By Brooke Crothers, ,
Published December 07, 2017
Though technology used for artificial intelligence and machine learning has been around for decades, only within the past few years is it starting to gain mainstream acceptance. For example, the iPhone has, since 2011, come with the intelligent personal assistant Siri, used for understanding speech. Android devices have Google Assistant and a speech-to-text tool called “Voice typing” that can be used with Google Docs.
Trint, which provides AI-based software to transcribe recorded audio, can return transcripts that are 98 percent correct in minutes at low cost, according to the company.
But transcribing the ramblings of a politician is a different matter.
“Trint is not dictation software, but rather speech-to-text technology that works from a vast corpus of training data,” Jeff Kofman CEO & Founder of Trint told Fox News. And humans are part of the equation. “Trint is a human-machine hybrid model: we push the boundaries of what A.I. technology is capable of by using humans to do the final pass as needed," he added.

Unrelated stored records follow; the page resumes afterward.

text \<open>Vectors in R^n are functions nat => real, only indices 0..<n matter.
  Matrices in R^(m x n) are functions nat => nat => real (row, column), indices 0-based.\<close>

definition vnorm :: "nat \<Rightarrow> (nat \<Rightarrow> real) \<Rightarrow> real" where
  "vnorm n x = sqrt (\<Sum>i<n. (x i)\<^sup>2)"

definition vblock :: "nat \<Rightarrow> (nat \<Rightarrow> real) \<Rightarrow> nat \<Rightarrow> (nat \<Rightarrow> real)" where
  "vblock d x i = (\<lambda>j. x (i * d + j))"

definition norm21 :: "nat \<Rightarrow> nat \<Rightarrow> (nat \<Rightarrow> real) \<Rightarrow> real" where
  "norm21 l d x = (\<Sum>i<l. vnorm d (vblock d x i))"

definition norm20 :: "nat \<Rightarrow> nat \<Rightarrow> (nat \<Rightarrow> real) \<Rightarrow> nat" where
  "norm20 l d x = card {i. i < l \<and> (\<exists>j<d. vblock d x i j \<noteq> 0)}"

definition matvec :: "nat \<Rightarrow> (nat \<Rightarrow> nat \<Rightarrow> real) \<Rightarrow> (nat \<Rightarrow> real) \<Rightarrow> (nat \<Rightarrow> real)" where
  "matvec n A x = (\<lambda>r. \<Sum>c<n. A r c * x c)"

definition block_gram :: "nat \<Rightarrow> nat \<Rightarrow> (nat \<Rightarrow> nat \<Rightarrow> real) \<Rightarrow> nat \<Rightarrow> nat \<Rightarrow> (nat \<Rightarrow> nat \<Rightarrow> real)" where
  "block_gram m d A i j = (\<lambda>p q. \<Sum>r<m. A r (i * d + p) * A r (j * d + q))"

definition spec_norm :: "nat \<Rightarrow> (nat \<Rightarrow> nat \<Rightarrow> real) \<Rightarrow> real" where
  "spec_norm d M = Sup {vnorm d (matvec d M v) | v. vnorm d v \<le> 1}"

text \<open>Block coherence mu_B = max over i<j of spectral norm of (A[i])^T A[j];
  set to 0 by convention if l = 1 (empty maximum).\<close>
definition block_coherence :: "nat \<Rightarrow> nat \<Rightarrow> nat \<Rightarrow> (nat \<Rightarrow> nat \<Rightarrow> real) \<Rightarrow> real" where
  "block_coherence m l d A =
     Max ({0} \<union> {spec_norm d (block_gram m d A i j) | i j. i < j \<and> j < l})"

definition is_best_block_approx ::
    "nat \<Rightarrow> nat \<Rightarrow> nat \<Rightarrow> (nat \<Rightarrow> real) \<Rightarrow> (nat \<Rightarrow> real) \<Rightarrow> bool" where
  "is_best_block_approx l d k x xk \<longleftrightarrow>
     norm20 l d xk \<le> k \<and>
     (\<forall>y. norm20 l d y \<le> k \<longrightarrow>
          vnorm (l * d) (\<lambda>i. xk i - x i) \<le> vnorm (l * d) (\<lambda>i. y i - x i))"

end

theory Submission
  imports Defs "HOL-Analysis.L2_Norm"
begin

(* Write h = x# - x. Comparing the objective at x# with its value at x gives
   ||A h||^2 <= 2 eps ||A h|| + 2 lam (||x||_{2,1} - ||x#||_{2,1}), and splitting the blocks into
   the support T of x_{k} and its complement bounds the last difference by
   sqrt k ||h_T|| - ||h_{T^c}||_{2,1} + 2 ||x - x_{k}||_{2,1}.
   Orthonormal blocks of coherence at most delta make A nearly isometric on vectors with at most
   k nonzero blocks, whence ||h_S|| <= beta1 ||A h|| + beta2 ||h_{S^c}||_{2,1} for every such
   support S. Applying this to T and to the k largest blocks of h outside T, and bounding the
   remaining blocks R by the shelling estimate sqrt k ||h_R|| <= ||h_{T^c}||_{2,1}, reduces both
   claims to inequalities between real numbers. The argument only needs delta >= mu_B; the
   theorem takes delta = d mu_B. *)

lemma vnorm_eq_L2_set: "vnorm n x = L2_set x {..<n}"
  by (simp add: vnorm_def L2_set_def)

lemma vnorm_nonneg [simp]: "0 \<le> vnorm n x"
  by (simp add: vnorm_eq_L2_set)

lemma vnorm_cong: "(\<And>i. i < n \<Longrightarrow> x i = y i) \<Longrightarrow> vnorm n x = vnorm n y"
  unfolding vnorm_eq_L2_set by (rule L2_set_cong) auto

lemma vnorm_add_le: "vnorm n (\<lambda>i. x i + y i) \<le> vnorm n x + vnorm n y"
  unfolding vnorm_eq_L2_set by (rule L2_set_triangle_ineq)

lemma vnorm_minus: "vnorm n (\<lambda>i. - x i) = vnorm n x"
  by (simp add: vnorm_def)

lemma vnorm_diff_le: "vnorm n (\<lambda>i. x i - y i) \<le> vnorm n x + vnorm n y"
  using vnorm_add_le[of n x "\<lambda>i. - y i"] by (simp add: vnorm_minus)

lemma vnorm_le_add_vnorm_diff: "vnorm n x \<le> vnorm n y + vnorm n (\<lambda>i. y i - x i)"
  using vnorm_diff_le[of n y "\<lambda>i. y i - x i"] by simp

lemma abs_le_vnorm: "i < n \<Longrightarrow> \<bar>x i\<bar> \<le> vnorm n x"
  using member_le_L2_set[of "{..<n}" i "\<lambda>i. \<bar>x i\<bar>"] by (simp add: vnorm_eq_L2_set L2_set_def)

definition vinner :: "nat \<Rightarrow> (nat \<Rightarrow> real) \<Rightarrow> (nat \<Rightarrow> real) \<Rightarrow> real" where
  "vinner n x y = (\<Sum>i<n. x i * y i)"

lemma vinner_commute: "vinner n x y = vinner n y x"
  by (simp add: vinner_def mult.commute)

lemma vinner_add_right: "vinner n x (\<lambda>i. y i + y' i) = vinner n x y + vinner n x y'"
  by (simp add: vinner_def distrib_left sum.distrib)

lemma vnorm_power2: "(vnorm n x)\<^sup>2 = vinner n x x"
  by (simp add: vnorm_def vinner_def power2_eq_square sum_nonneg)

lemma vnorm_diff_power2:
  "(vnorm n (\<lambda>i. x i - y i))\<^sup>2 = (vnorm n x)\<^sup>2 - 2 * vinner n x y + (vnorm n y)\<^sup>2"
  by (simp add: vnorm_power2 vinner_def algebra_simps sum_subtractf sum.distrib sum_distrib_left)

lemma abs_vinner_le_vnorm: "\<bar>vinner n x y\<bar> \<le> vnorm n x * vnorm n y"
proof -
  have "\<bar>vinner n x y\<bar> \<le> (\<Sum>i<n. \<bar>x i\<bar> * \<bar>y i\<bar>)"
    unfolding vinner_def by (rule order_trans[OF sum_abs]) (simp add: abs_mult)
  also have "\<dots> \<le> vnorm n x * vnorm n y"
    unfolding vnorm_eq_L2_set by (rule L2_set_mult_ineq)
  finally show ?thesis .
qed

lemma sum_le_sqrt_mult_L2:
  assumes "card S \<le> k"
  shows "(\<Sum>i\<in>S. f i) \<le> sqrt k * sqrt (\<Sum>i\<in>S. (f i)\<^sup>2)"
proof -
  have "(\<Sum>i\<in>S. f i) \<le> (\<Sum>i\<in>S. \<bar>f i\<bar> * \<bar>1::real\<bar>)"
    by (rule sum_mono) simp
  also have "\<dots> \<le> L2_set f S * L2_set (\<lambda>_. 1) S"
    by (rule L2_set_mult_ineq)
  also have "\<dots> = sqrt (card S) * sqrt (\<Sum>i\<in>S. (f i)\<^sup>2)"
    by (simp add: L2_set_constant L2_set_def)
  also have "\<dots> \<le> sqrt k * sqrt (\<Sum>i\<in>S. (f i)\<^sup>2)"
    using assms by (intro mult_right_mono) (auto simp: sum_nonneg)
  finally show ?thesis .
qed

lemma sum_lessThan_mult_blocks:
  fixes f :: "nat \<Rightarrow> 'a :: comm_monoid_add"
  shows "(\<Sum>c<l * d. f c) = (\<Sum>i<l. \<Sum>p<d. f (i * d + p))"
proof -
  have "(\<Sum>c<l * d. f c) = (\<Sum>i<l. sum f {i * d..<i * d + d})"
    using sum.nat_group[of f d l] by simp
  also have "\<dots> = (\<Sum>i<l. \<Sum>p<d. f (i * d + p))"
    by (rule sum.cong[OF refl], subst sum.atLeastLessThan_shift_0) (simp add: lessThan_atLeast0)
  finally show ?thesis .
qed

lemma exists_max_sum_subset:
  fixes N :: "'a \<Rightarrow> real"
  assumes "finite C"
  obtains T where "T \<subseteq> C" "card T \<le> k" "\<And>S. S \<subseteq> C \<Longrightarrow> card S \<le> k \<Longrightarrow> sum N S \<le> sum N T"
proof -
  let ?F = "{S. S \<subseteq> C \<and> card S \<le> k}"
  have "finite ?F"
    using assms by (rule finite_subset[rotated, OF finite_Pow_iff[THEN iffD2]]) blast
  then have fin: "finite (sum N ` ?F)"
    by simp
  have "{} \<in> ?F"
    by simp
  then have "Max (sum N ` ?F) \<in> sum N ` ?F"
    using fin by (intro Max_in) auto
  then obtain T where T: "T \<subseteq> C" "card T \<le> k" and "sum N T = Max (sum N ` ?F)"
    by auto
  then have "sum N S \<le> sum N T" if "S \<subseteq> C" "card S \<le> k" for S
    using fin that by (simp add: Max_ge)
  with T show ?thesis
    by (rule that)
qed

lemma max_sum_subset_dominates_outside:
  fixes N :: "'a \<Rightarrow> real"
  assumes fin: "finite C" and nonneg: "\<And>i. 0 \<le> N i"
    and T: "T \<subseteq> C" "card T \<le> k"
    and max: "\<And>S. S \<subseteq> C \<Longrightarrow> card S \<le> k \<Longrightarrow> sum N S \<le> sum N T"
    and j: "j \<in> C - T"
  shows "real k * N j \<le> sum N T"
proof -
  have finT: "finite T"
    using T fin finite_subset by blast
  show ?thesis
  proof (cases "card T < k")
    case True
    have "N j + sum N T = sum N (insert j T)"
      using finT j by simp
    also have "\<dots> \<le> sum N T"
      using finT j T True by (intro max) auto
    finally have "N j = 0"
      using nonneg[of j] by simp
    then show ?thesis
      by (simp add: sum_nonneg nonneg)
  next
    case False
    have "N j \<le> N i" if i: "i \<in> T" for i
    proof -
      have "card T > 0"
        using finT i by (auto simp: card_gt_0_iff)
      then have "card (insert j (T - {i})) = card T"
        using finT i j by (simp add: card_insert_disjoint)
      then have "sum N (insert j (T - {i})) \<le> sum N T"
        using T i j by (intro max) auto
      moreover have "sum N (insert j (T - {i})) = N j + sum N T - N i"
        using finT i j by (simp add: sum_diff1)
      ultimately show ?thesis
        by simp
    qed
    then have "(\<Sum>i\<in>T. N j) \<le> sum N T"
      by (intro sum_mono)
    then show ?thesis
      using False T by simp
  qed
qed

lemma exists_subset_tail_sum_squares_le:
  fixes N :: "'a \<Rightarrow> real"
  assumes fin: "finite C" and nonneg: "\<And>i. 0 \<le> N i"
  obtains T where "T \<subseteq> C" "card T \<le> k" "real k * (\<Sum>i\<in>C - T. (N i)\<^sup>2) \<le> (sum N C)\<^sup>2"
proof -
  obtain T where T: "T \<subseteq> C" "card T \<le> k"
    and max: "\<And>S. S \<subseteq> C \<Longrightarrow> card S \<le> k \<Longrightarrow> sum N S \<le> sum N T"
    using exists_max_sum_subset[OF fin] by blast
  have "real k * (\<Sum>i\<in>C - T. (N i)\<^sup>2) = (\<Sum>i\<in>C - T. N i * (real k * N i))"
    by (simp add: sum_distrib_left power2_eq_square mult_ac)
  also have "\<dots> \<le> (\<Sum>i\<in>C - T. N i * sum N T)"
    using max_sum_subset_dominates_outside[OF fin nonneg T max] nonneg
    by (intro sum_mono mult_left_mono) auto
  also have "\<dots> = sum N (C - T) * sum N T"
    by (simp add: sum_distrib_right)
  also have "\<dots> \<le> sum N C * sum N C"
    using fin T nonneg by (intro mult_mono sum_mono2 sum_nonneg) auto
  finally show ?thesis
    using T by (intro that) (simp_all add: power2_eq_square)
qed

lemma matvec_diff: "matvec n A (\<lambda>i. x i - y i) r = matvec n A x r - matvec n A y r"
  by (simp add: matvec_def right_diff_distrib sum_subtractf)

lemma bdd_above_spec_norm_set: "bdd_above {vnorm d (matvec d M v) | v. vnorm d v \<le> 1}"
proof (rule bdd_aboveI[where M = "\<Sum>p<d. \<Sum>q<d. \<bar>M p q\<bar>"], clarify)
  fix v :: "nat \<Rightarrow> real"
  assume v: "vnorm d v \<le> 1"
  have entry: "\<bar>matvec d M v p\<bar> \<le> (\<Sum>q<d. \<bar>M p q\<bar>)" for p
  proof -
    have "\<bar>matvec d M v p\<bar> \<le> (\<Sum>q<d. \<bar>M p q\<bar> * \<bar>v q\<bar>)"
      unfolding matvec_def by (rule order_trans[OF sum_abs]) (simp add: abs_mult)
    also have "\<dots> \<le> (\<Sum>q<d. \<bar>M p q\<bar>)"
      using order_trans[OF abs_le_vnorm v] by (intro sum_mono mult_left_le) auto
    finally show ?thesis .
  qed
  have "vnorm d (matvec d M v) \<le> (\<Sum>p<d. \<bar>matvec d M v p\<bar>)"
    unfolding vnorm_eq_L2_set by (rule L2_set_le_sum_abs)
  also have "\<dots> \<le> (\<Sum>p<d. \<Sum>q<d. \<bar>M p q\<bar>)"
    by (intro sum_mono entry)
  finally show "vnorm d (matvec d M v) \<le> (\<Sum>p<d. \<Sum>q<d. \<bar>M p q\<bar>)" .
qed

Recently, Trint set up a challenge to see which prominent politicians are easiest for AI bots to understand. The challenge covered 14 “influential” politicians, including President Trump, former Secretary of State Hillary Clinton, U.S. Ambassador to the United Nations Nikki Haley, former President Barack Obama, Sen. Ted Cruz, R.-TX., Sen. John McCain, R.-AZ. and fictional politician Selena Meyer, played by actress Julia Louis-Dreyfus on HBO’s "Veep."
The company took audio recordings of their speeches and put them through its transcription software. The results were analyzed using the Word Error Rate (WER) standard, commonly used for measuring the accuracy of speech recognition. A transcription with a WER of 4.8, for example, is 4.8 percent inaccurate or 95.2 percent correct.
Who scored the highest?
Nikki Haley came in first, according to Trint, with an accuracy rating of 99.48 percent.
Former Secretary Clinton was second, with rating of 99.38 percent, while Louis-Dreyfus "Veep" character, Meyer, came in fourth, scording 98.74 percent.
“It’s worth noting that Julia Louis-Dreyfuss is a seasoned actress so it’s not surprising that her speech is clear and clean,” Trint added.
Who scored the lowest?
Trint said the lowest-scoring politicians had some common speech patterns.
Both House Minority Leader Nancy Pelosi and Trump have a tendency to swallow parts of a word when they speak, Kofman told Fox News.
In some cases, heavy accents hurt the results. Thanks to Cruz's Texas drawl, he ranked 13th place.
President Trump ranked 11th at 97.89 percent. “Due to slow and measured way of speaking, President Trump has a far lower total word count than usual for a politician; 380 for this sample, where the average across all speakers is 486,” Kofman said.
“Additionally, he has a tendency to swallow some of the prefixes and suffixes of his words; for example, the word ‘incredible’ in the phrase ‘That's something. And I'm honored by your incredible support and grateful for your commitment to our shared cause’ was rendered as ‘credible,'" Kofman went on to say.
Pelosi came in last among the 15 politicians, with a 96.01 percent accuracy, according to Trint's findings.
Kofman added that the accuracy can also be affected simply by recording quality – which has nothing to do with person’s speech patterns. For example, some errors occurred because the Trint system missed words that were spoken away from the microphone.
“Even though Trump and Pelosi ranked lower than others they still come out really well in these samples for the Trint Index," Kofman said. "Human transcription doesn't do much better than that and takes a lot longer and costs multiples more."